Review: The Greene Murder Case by S. S. Van Dine

by Mary

It has been about l2 years since Tobias Greene died and under his will, if his children do not continue to live in the family mansion for 25 years after his death -- if they marry, their spouses must reside there also -- they will be disinherited. Naturally this has lead to disgruntlement and tension among the siblings, and interviews with their servants confirm there have been years of "daily clashes, complainings, bitter words, sullen silences, jealousies and threats" in the Greene family.

It all comes to boiling point when oldest daughter Julia is killed and her sister Ada wounded in what is initially thought to be a burglary gone wrong. It soon becomes obvious it was no such thing and the siblings do not hesitate to air their grievances against each other to DA John Markham, Philo Vance, and the usual company. In fact, when it comes to suspects, a third daughter, Sibella, declares flat out "If you're looking for possibilities you have them galore. There's no one under this ancestral roof who couldn't qualify."
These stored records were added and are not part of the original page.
(* Let $G$ be a finite group acting linearly on a finite-dimensional complex vector space $V$ with $V^G=\{0\}$. Let $I\subseteq\mathbb{R}$ be an open interval containing $0$ and $c=(c_1,\dots,c_n):I\to V/\!\!/G=\sigma(V)\subseteq\mathbb{C}^n$ a curve of class $C^d$. Then the following are equivalent: (1) $m(c_k)\ge d_k$ for all $1\le k\le n$; (2) $m(f\circ c)\ge\deg f$ for all homogeneous $f\in\mathcal{J}_1$.
   Context: $V^G$ is the subspace of $G$-fixed vectors. $\sigma=(\sigma_1,\dots,\sigma_n)$, where $\sigma_1,\dots,\sigma_n$ is a minimal system of homogeneous generators of $\mathbb{C}[V]^G$ with degrees $d_1,\dots,d_n$, and $d=\max_k d_k$; $V/\!\!/G$ is identified with $\sigma(V)$. For $f\in\mathbb{C}[V]^G$ write $f=p\circ\sigma$ with a polynomial $p$ on $\mathbb{C}^n$ and set $f\circ c:=p\circ c$ (well-defined since $c$ takes values in $\sigma(V)$); $\deg f$ is its degree as a polynomial on $V$. The stratification: for a conjugacy class $(L)$ of subgroups, $(V/\!\!/G)_{(L)}$ is the set of $\sigma(v)$ with $G_v\in(L)$; $A_s$ is the union of those strata of dimension $\le s$. $\mathcal{J}_{s+1}$ denotes an ideal of $\mathbb{C}[V]^G$ generated by homogeneous elements whose zero set in $V/\!\!/G$ is $A_s$ (here $A_0=\{0\}$). The multiplicity $m(g)$ at $0$ of a continuous function $g$ defined near $0\in\mathbb{R}$ is the supremum of all integers $p$ such that $g(t)=t^p h(t)$ near $0$ with $h$ continuous. *)

theory Defs
  imports "HOL-Analysis.Analysis" "HOL-Library.Extended_Nat"
begin

inductive polyfun_on :: "'i set \<Rightarrow> (('i \<Rightarrow> complex) \<Rightarrow> complex) \<Rightarrow> bool"
  for I :: "'i set" where
  pf_const: "polyfun_on I (\<lambda>x. c)"
| pf_coord: "i \<in> I \<Longrightarrow> polyfun_on I (\<lambda>x. x i)"
| pf_add: "polyfun_on I p \<Longrightarrow> polyfun_on I q \<Longrightarrow> polyfun_on I (\<lambda>x. p x + q x)"
| pf_mult: "polyfun_on I p \<Longrightarrow> polyfun_on I q \<Longrightarrow> polyfun_on I (\<lambda>x. p x * q x)"

definition poly_V :: "(complex ^ 'v \<Rightarrow> complex) \<Rightarrow> bool" where
  "poly_V f \<longleftrightarrow> (\<exists>p. polyfun_on (UNIV :: 'v set) p \<and> (\<forall>v. f v = p (\<lambda>i. v $ i)))"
The household consists of bedridden Mrs Greene, the four children left (Ada, Chester, Sibella, and Rex), German cook Gertrude Mannheim, given to going about muttering to herself, the maids Hemming, convinced God is smiting down the sinful Greenes, and Barton, who rightly reckons "There's something awful funny going on here", plus elderly butler Sproot who reads Martial, although only a snob would find that suspicious. Then there's Doctor Arthur Von Blon, who visits more often that caring for Mrs Greene would seem to necessitate.

Soon there is another death in the mansion....

My verdict: While I would not go so far as to observe that lying beneath the Greene case are what Van Dine in Lovecraftian mode describes as "obscure fetid chambers of the human soul. Black hatreds, unnatural desires, hideous impulses, obscene ambitions", the set-up is bizarre enough to make readers pay close attention to the details and the map of the house, and therefore one or two clues will probably be identifiable fairly easily. One vital to the solution is not presented in quite fair fashion unless you stretch your definition of fair, in which case I will begrudgingly agree that, well, perhaps it was. I wavered between three possible culprits and one of them was the right one -- but in all fairness, it was the last person I began to suspect. A dark novel.